YOUR ASSIGNMENT => Gather, from the listing beneath this task, every line holding the string "exists".

GIVEN INFORMATION =>

(* For $n\ge 1$, $\left|\Pi_n\wr C_2(1^12^1,1^22^1)\right|=2^n+n-1$.
   Context: For $n\ge0$ let $[n]=\{1,\dots,n\}$. A $2$-colored set partition of $[n]$ is a set partition of $[n]$ together with an assignment of a color from $\{1,2\}$ to each element; $\Pi_n\wr C_2$ is the set of these. For a set $S$ of patterns, $\Pi_n\wr C_2(S)$ is the set of such colored partitions avoiding every pattern in $S$ in the pattern sense. For the two patterns used here: $\sigma$ contains $1^12^1$ iff there are two elements in different blocks with the same color; $\sigma$ contains $1^22^1$ iff there are $i<j$ in different blocks with $i$ colored $2$ and $j$ colored $1$. *)

theory Defs
  imports Main "HOL-Library.Disjoint_Sets" "HOL-Library.FuncSet"
begin

definition colored_partitions :: "nat \<Rightarrow> (nat set set \<times> (nat \<Rightarrow> nat)) set" where
  "colored_partitions n =
     {(P, c). partition_on {1..n} P \<and> c \<in> {1..n} \<rightarrow>\<^sub>E {1, 2}}"

definition same_block :: "nat set set \<Rightarrow> nat \<Rightarrow> nat \<Rightarrow> bool" where
  "same_block P i j \<longleftrightarrow> (\<exists>B\<in>P. i \<in> B \<and> j \<in> B)"

definition contains_p11_21 :: "nat set set \<times> (nat \<Rightarrow> nat) \<Rightarrow> bool" where
  "contains_p11_21 \<sigma> = (case \<sigma> of (P, c) \<Rightarrow>
     (\<exists>i\<in>\<Union>P. \<exists>j\<in>\<Union>P. \<not> same_block P i j \<and> c i = c j))"

definition contains_p12_21 :: "nat set set \<times> (nat \<Rightarrow> nat) \<Rightarrow> bool" where
  "contains_p12_21 \<sigma> = (case \<sigma> of (P, c) \<Rightarrow>
     (\<exists>i\<in>\<Union>P. \<exists>j\<in>\<Union>P. i < j \<and> \<not> same_block P i j \<and> c i = 2 \<and> c j = 1))"

end

theory Submission
  imports Defs
begin

text \<open>Avoiding \<open>1\<^sup>12\<^sup>1\<close> forces each colour class into a single block, so every block is a
  union of colour classes: either there is one block (and any of the \<open>2\<^sup>n\<close> colourings is
  allowed), or the two blocks are exactly the two colour classes. Avoiding \<open>1\<^sup>22\<^sup>1\<close> then
  forces all elements coloured 1 to precede those coloured 2, so the colour classes are
  \<open>{1..k}\<close> and \<open>{k+1..n}\<close> for some \<open>1 \<le> k < n\<close>, giving \<open>n - 1\<close> further partitions.\<close>

lemma partition_on_eq_singleton:
  assumes "partition_on A P" and "A \<in> P"
  shows "P = {A}"
proof -
  have "B = A" if "B \<in> P" for B
  proof -
    have "B \<noteq> {}" using \<open>B \<in> P\<close> partition_onD3[OF assms(1)] by blast
    then obtain x where "x \<in> B" by blast
    moreover have "x \<in> A" using \<open>x \<in> B\<close> \<open>B \<in> P\<close> partition_onD1[OF assms(1)] by blast
    ultimately show "B = A"
      using disjointD[OF partition_onD2[OF assms(1)] \<open>B \<in> P\<close> \<open>A \<in> P\<close>] by blast
  qed
  then show ?thesis using assms(2) by blast
qed

lemma block_eq_colour_preimage:
  assumes P: "partition_on A P" and B: "B \<in> P"
    and same_colour: "\<And>x y. x \<in> A \<Longrightarrow> y \<in> A \<Longrightarrow> c x = c y \<Longrightarrow> same_block P x y"
  shows "B = {x \<in> A. c x \<in> c ` B}"
proof
  show "B \<subseteq> {x \<in> A. c x \<in> c ` B}" using B partition_onD1[OF P] by blast
  show "{x \<in> A. c x \<in> c ` B} \<subseteq> B"
  proof
    fix x assume "x \<in> {x \<in> A. c x \<in> c ` B}"
    then obtain y where x: "x \<in> A" and y: "y \<in> B" and "c x = c y" by blast
    moreover have "y \<in> A" using y B partition_onD1[OF P] by blast
    ultimately obtain B' where "B' \<in> P" "x \<in> B'" "y \<in> B'"
      using same_colour unfolding same_block_def by blast
    then show "x \<in> B" using y disjointD[OF partition_onD2[OF P] B] by blast
  qed
qed

lemma partition_cases_two_colour_classes:
  assumes P: "partition_on A P" and "A \<noteq> {}" and c: "c \<in> A \<rightarrow> {a, b}"
    and same_colour: "\<And>x y. x \<in> A \<Longrightarrow> y \<in> A \<Longrightarrow> c x = c y \<Longrightarrow> same_block P x y"
  shows "P = {A} \<or> P = {{x \<in> A. c x = a}, {x \<in> A. c x = b}}"
proof (cases "A \<in> P")
  case True
  then show ?thesis using partition_on_eq_singleton[OF P] by blast
next
  case False
  have "B = {x \<in> A. c x = a} \<or> B = {x \<in> A. c x = b}" if "B \<in> P" for B
  proof -
    have B_eq: "B = {x \<in> A. c x \<in> c ` B}"
      using block_eq_colour_preimage[OF P \<open>B \<in> P\<close> same_colour] .
    have "B \<noteq> {}" using \<open>B \<in> P\<close> partition_onD3[OF P] by blast
    moreover have "c ` B \<subseteq> {a, b}" using c \<open>B \<in> P\<close> partition_onD1[OF P] by blast
    ultimately have "c ` B = {a} \<or> c ` B = {b} \<or> c ` B = {a, b}" by blast
    moreover have "c ` B \<noteq> {a, b}"
    proof
      assume "c ` B = {a, b}"
      then have "B = A" using B_eq c by auto
      then show False using False \<open>B \<in> P\<close> by simp
    qed
    ultimately show ?thesis using B_eq by auto
  qed
  then have "P \<subseteq> {{x \<in> A. c x = a}, {x \<in> A. c x = b}}" by blast
  moreover have "P \<noteq> {}" using \<open>A \<noteq> {}\<close> partition_onD1[OF P] by blast
  ultimately consider "P = {{x \<in> A. c x = a}}" | "P = {{x \<in> A. c x = b}}"
    | "P = {{x \<in> A. c x = a}, {x \<in> A. c x = b}}" by blast
  then show ?thesis using partition_onD1[OF P] by cases auto
qed

lemma initial_segment_eq_atLeastAtMost:
  fixes L :: "nat set"
  assumes L: "L \<subseteq> {1..n}" "L \<noteq> {}"
    and before: "\<And>x y. x \<in> L \<Longrightarrow> y \<in> {1..n} \<Longrightarrow> y \<notin> L \<Longrightarrow> x < y"
  shows "L = {1..Max L}"
proof -
  have "finite L" using L(1) finite_subset by blast
  then have "Max L \<in> L" and le_Max: "\<And>x. x \<in> L \<Longrightarrow> x \<le> Max L" using L(2) by auto
  show ?thesis
  proof
    show "L \<subseteq> {1..Max L}" using L(1) le_Max by fastforce
    show "{1..Max L} \<subseteq> L"
    proof
      fix y assume y: "y \<in> {1..Max L}"
      then have "y \<in> {1..n}" using \<open>Max L \<in> L\<close> L(1) by auto
      then show "y \<in> L" using before[OF \<open>Max L \<in> L\<close>] y by force
    qed
  qed
qed

definition avoiders :: "nat \<Rightarrow> (nat set set \<times> (nat \<Rightarrow> nat)) set" where
  "avoiders n = {\<sigma> \<in> colored_partitions n. \<not> contains_p11_21 \<sigma> \<and> \<not> contains_p12_21 \<sigma>}"

definition split_partition :: "nat \<Rightarrow> nat \<Rightarrow> nat set set \<times> (nat \<Rightarrow> nat)" where
  "split_partition n k = ({{1..k}, {Suc k..n}}, restrict (\<lambda>i. if i \<le> k then 1 else 2) {1..n})"

lemma one_block_in_avoiders:
  assumes "n \<ge> 1" and "c \<in> {1..n} \<rightarrow>\<^sub>E {1, 2}"
  shows "({{1..n}}, c) \<in> avoiders n"
  using assms partition_on_space[of "{1..n}"]
  unfolding avoiders_def colored_partitions_def contains_p11_21_def contains_p12_21_def
    same_block_def
  by auto

lemma same_block_split_iff:
  assumes "i \<in> {1..n}" and "j \<in> {1..n}"
  shows "same_block {{1..k}, {Suc k..n}} i j \<longleftrightarrow> (i \<le> k \<longleftrightarrow> j \<le> k)"
  using assms unfolding same_block_def by auto

lemma split_partition_in_avoiders:
  assumes k: "k \<in> {1..<n}"
  shows "split_partition n k \<in> avoiders n"
proof -
  let ?P = "{{1..k}, {Suc k..n}}" and ?c = "restrict (\<lambda>i. if i \<le> k then 1 else 2::nat) {1..n}"
  have P: "partition_on {1..n} ?P"
    using k unfolding partition_on_def disjoint_def by auto
  then have U: "\<Union>?P = {1..n}" by (rule partition_onD1[symmetric])
  have colour: "?c i = (if i \<le> k then 1 else 2)" if "i \<in> {1..n}" for i
    using that by simp
  have "?c \<in> {1..n} \<rightarrow>\<^sub>E {1, 2}" by auto
  moreover have "\<not> contains_p11_21 (?P, ?c)"
  proof -
    have "same_block ?P i j" if "i \<in> {1..n}" "j \<in> {1..n}" "?c i = ?c j" for i j
    proof -
      have "i \<le> k \<longleftrightarrow> j \<le> k"
        using that(3) unfolding colour[OF that(1)] colour[OF that(2)] by (auto split: if_splits)
      then show ?thesis using same_block_split_iff[OF that(1,2)] by blast
    qed
    then show ?thesis unfolding contains_p11_21_def prod.case U by blast
  qed
  moreover have "\<not> contains_p12_21 (?P, ?c)"
  proof -
    have "j < i" if "i \<in> {1..n}" "?c i = 2" "j \<in> {1..n}" "?c j = 1" for i j
      using that(2,4) unfolding colour[OF that(1)] colour[OF that(3)] by (auto split: if_splits)
    then show ?thesis unfolding contains_p12_21_def prod.case U by (meson less_asym)
  qed
  ultimately show ?thesis
    using P unfolding avoiders_def split_partition_def colored_partitions_def by blast
qed

lemma colour_classes_partition_eq_split_partition:
  assumes P: "partition_on {1..n} P" and c: "c \<in> {1..n} \<rightarrow>\<^sub>E {1, 2}"
    and no_p12_21: "\<not> contains_p12_21 (P, c)"
    and P_eq: "P = {{x \<in> {1..n}. c x = 1}, {x \<in> {1..n}. c x = 2}}"
  obtains k where "k \<in> {1..<n}" and "(P, c) = split_partition n k"
proof -
  define L where "L = {x \<in> {1..n}. c x = 1}"
  define R where "R = {x \<in> {1..n}. c x = 2}"
  have LR: "L \<union> R = {1..n}" "L \<inter> R = {}" using c unfolding L_def R_def by auto
  have "L \<noteq> {}" "R \<noteq> {}" using P_eq partition_onD3[OF P] unfolding L_def R_def by auto
  have before: "x < y" if x: "x \<in> L" and y: "y \<in> R" for x y
  proof (rule ccontr)
    assume "\<not> x < y"
    moreover have "x \<noteq> y" using x y LR(2) by blast
    ultimately have "y < x" by simp
    moreover have "\<not> same_block P y x"
      using x y LR(2) unfolding P_eq same_block_def L_def R_def by blast
    moreover have "c y = 2" "c x = 1" using x y unfolding L_def R_def by simp_all
    moreover have "y \<in> \<Union>P" "x \<in> \<Union>P" using x y LR(1) partition_onD1[OF P] by auto
    ultimately show False using no_p12_21 unfolding contains_p12_21_def prod.case by blast
  qed
  define k where "k = Max L"
  have L_eq: "L = {1..k}"
    unfolding k_def
  proof (rule initial_segment_eq_atLeastAtMost)
    show "L \<subseteq> {1..n}" using LR(1) by blast
    show "x < y" if "x \<in> L" "y \<in> {1..n}" "y \<notin> L" for x y
      using before that LR(1) by blast
  qed fact
  have R_eq: "R = {Suc k..n}"
  proof -
    have "R = {1..n} - L" using LR by blast
    then show ?thesis using L_eq by auto
  qed
  have k: "k \<in> {1..<n}" using \<open>L \<noteq> {}\<close> \<open>R \<noteq> {}\<close> L_eq R_eq by auto
  have "c = restrict (\<lambda>i. if i \<le> k then 1 else 2) {1..n}"
  proof
    fix i
    show "c i = restrict (\<lambda>i. if i \<le> k then 1 else 2) {1..n} i"
    proof (cases "i \<in> {1..n}")
      case True
      then have "c i = (if i \<le> k then 1 else 2)"
        using L_eq R_eq k unfolding L_def R_def by (cases "i \<le> k") auto
      then show ?thesis using True by simp
    next
      case False
      then show ?thesis unfolding restrict_apply if_not_P[OF False] by (rule PiE_arb[OF c])
    qed
  qed
  then have "(P, c) = split_partition n k"
    using P_eq L_eq R_eq unfolding split_partition_def L_def R_def by simp
  with k that show thesis by blast
qed

lemma avoider_cases:
  assumes "\<sigma> \<in> avoiders n" and "n \<ge> 1"
  obtains c where "c \<in> {1..n} \<rightarrow>\<^sub>E {1, 2}" and "\<sigma> = ({{1..n}}, c)"
    | k where "k \<in> {1..<n}" and "\<sigma> = split_partition n k"
proof -
  obtain P c where \<sigma>: "\<sigma> = (P, c)" by fastforce
  have P: "partition_on {1..n} P" and c: "c \<in> {1..n} \<rightarrow>\<^sub>E {1, 2}"
    and no_p11_21: "\<not> contains_p11_21 (P, c)" and no_p12_21: "\<not> contains_p12_21 (P, c)"
    using assms(1) unfolding \<sigma> avoiders_def colored_partitions_def by blast+
  have same_colour: "same_block P x y" if "x \<in> {1..n}" "y \<in> {1..n}" "c x = c y" for x y
  proof -
    have "x \<in> \<Union>P" "y \<in> \<Union>P" using that partition_onD1[OF P] by auto
    then show ?thesis using no_p11_21 \<open>c x = c y\<close> unfolding contains_p11_21_def prod.case by blast
  qed
  have "{1..n} \<noteq> {}" using assms(2) by simp
  moreover have "c \<in> {1..n} \<rightarrow> {1, 2}" using c unfolding PiE_def by blast
  ultimately have "P = {{1..n}} \<or> P = {{x \<in> {1..n}. c x = 1}, {x \<in> {1..n}. c x = 2}}"
    by (rule partition_cases_two_colour_classes[OF P _ _ same_colour])
  then show thesis
  proof
    assume "P = {{1..n}}"
    then show thesis using that(1) c \<sigma> by blast
  next
    assume "P = {{x \<in> {1..n}. c x = 1}, {x \<in> {1..n}. c x = 2}}"
    from colour_classes_partition_eq_split_partition[OF P c no_p12_21 this]
    show thesis using that(2) \<sigma> by metis
  qed
qed

lemma avoiders_eq:
  assumes "n \<ge> 1"
  shows "avoiders n
    = (\<lambda>c. ({{1..n}}, c)) ` ({1..n} \<rightarrow>\<^sub>E {1, 2}) \<union> split_partition n ` {1..<n}"
proof (intro equalityI subsetI)
  fix \<sigma> assume "\<sigma> \<in> avoiders n"
  then show "\<sigma> \<in> (\<lambda>c. ({{1..n}}, c)) ` ({1..n} \<rightarrow>\<^sub>E {1, 2}) \<union> split_partition n ` {1..<n}"
    by (cases rule: avoider_cases[OF _ assms]) auto
qed (use one_block_in_avoiders[OF assms] split_partition_in_avoiders in auto)

lemma inj_on_split_partition: "inj_on (split_partition n) {1..<n}"
proof (rule inj_onI)
  fix k l assume k: "k \<in> {1..<n}" and l: "l \<in> {1..<n}"
    and "split_partition n k = split_partition n l"
  then have "{1..k} \<in> {{1..l}, {Suc l..n}}"
    unfolding split_partition_def by (metis fst_conv insertI1)
  moreover have "1 \<in> {1..k}" and "1 \<notin> {Suc l..n}" using k l by auto
  ultimately have "{1..k} = {1..l}" by blast
  then show "k = l" using k by (simp add: Icc_eq_Icc)
qed

lemma one_block_notin_split_partition:
  assumes "k \<in> {1..<n}"
  shows "({{1..n}}, c) \<noteq> split_partition n k"
proof
  assume "({{1..n}}, c) = split_partition n k"
  then have "{1..k} = {1..n}" unfolding split_partition_def by (metis fst_conv insertI1 singletonD)
  then show False using assms by (simp add: Icc_eq_Icc)
qed

theorem mainTheorem2:
  fixes n :: nat
  assumes "n \<ge> 1"
  shows "card {\<sigma> \<in> colored_partitions n. \<not> contains_p11_21 \<sigma> \<and> \<not> contains_p12_21 \<sigma>}
           = 2 ^ n + n - 1"
proof -
  let ?S1 = "(\<lambda>c. ({{1..n}}, c)) ` ({1..n} \<rightarrow>\<^sub>E {1, 2::nat})"
  let ?S2 = "split_partition n ` {1..<n}"
  have "card ?S1 = 2 ^ n"
    by (subst card_image) (auto simp: inj_on_def card_funcsetE numeral_2_eq_2)
  moreover have "card ?S2 = n - 1"
    using card_image[OF inj_on_split_partition] by simp
  moreover have "?S1 \<inter> ?S2 = {}" using one_block_notin_split_partition by blast
  ultimately have "card (?S1 \<union> ?S2) = 2 ^ n + (n - 1)"
    by (simp add: card_Un_disjoint finite_PiE)
  then show ?thesis using avoiders_eq[OF assms] assms unfolding avoiders_def by simp
qed

end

TASK RESPONSE =>
  "same_block P i j \<longleftrightarrow> (\<exists>B\<in>P. i \<in> B \<and> j \<in> B)"
     (\<exists>i\<in>\<Union>P. \<exists>j\<in>\<Union>P. \<not> same_block P i j \<and> c i = c j))"
     (\<exists>i\<in>\<Union>P. \<exists>j\<in>\<Union>P. i < j \<and> \<not> same_block P i j \<and> c i = 2 \<and> c j = 1))"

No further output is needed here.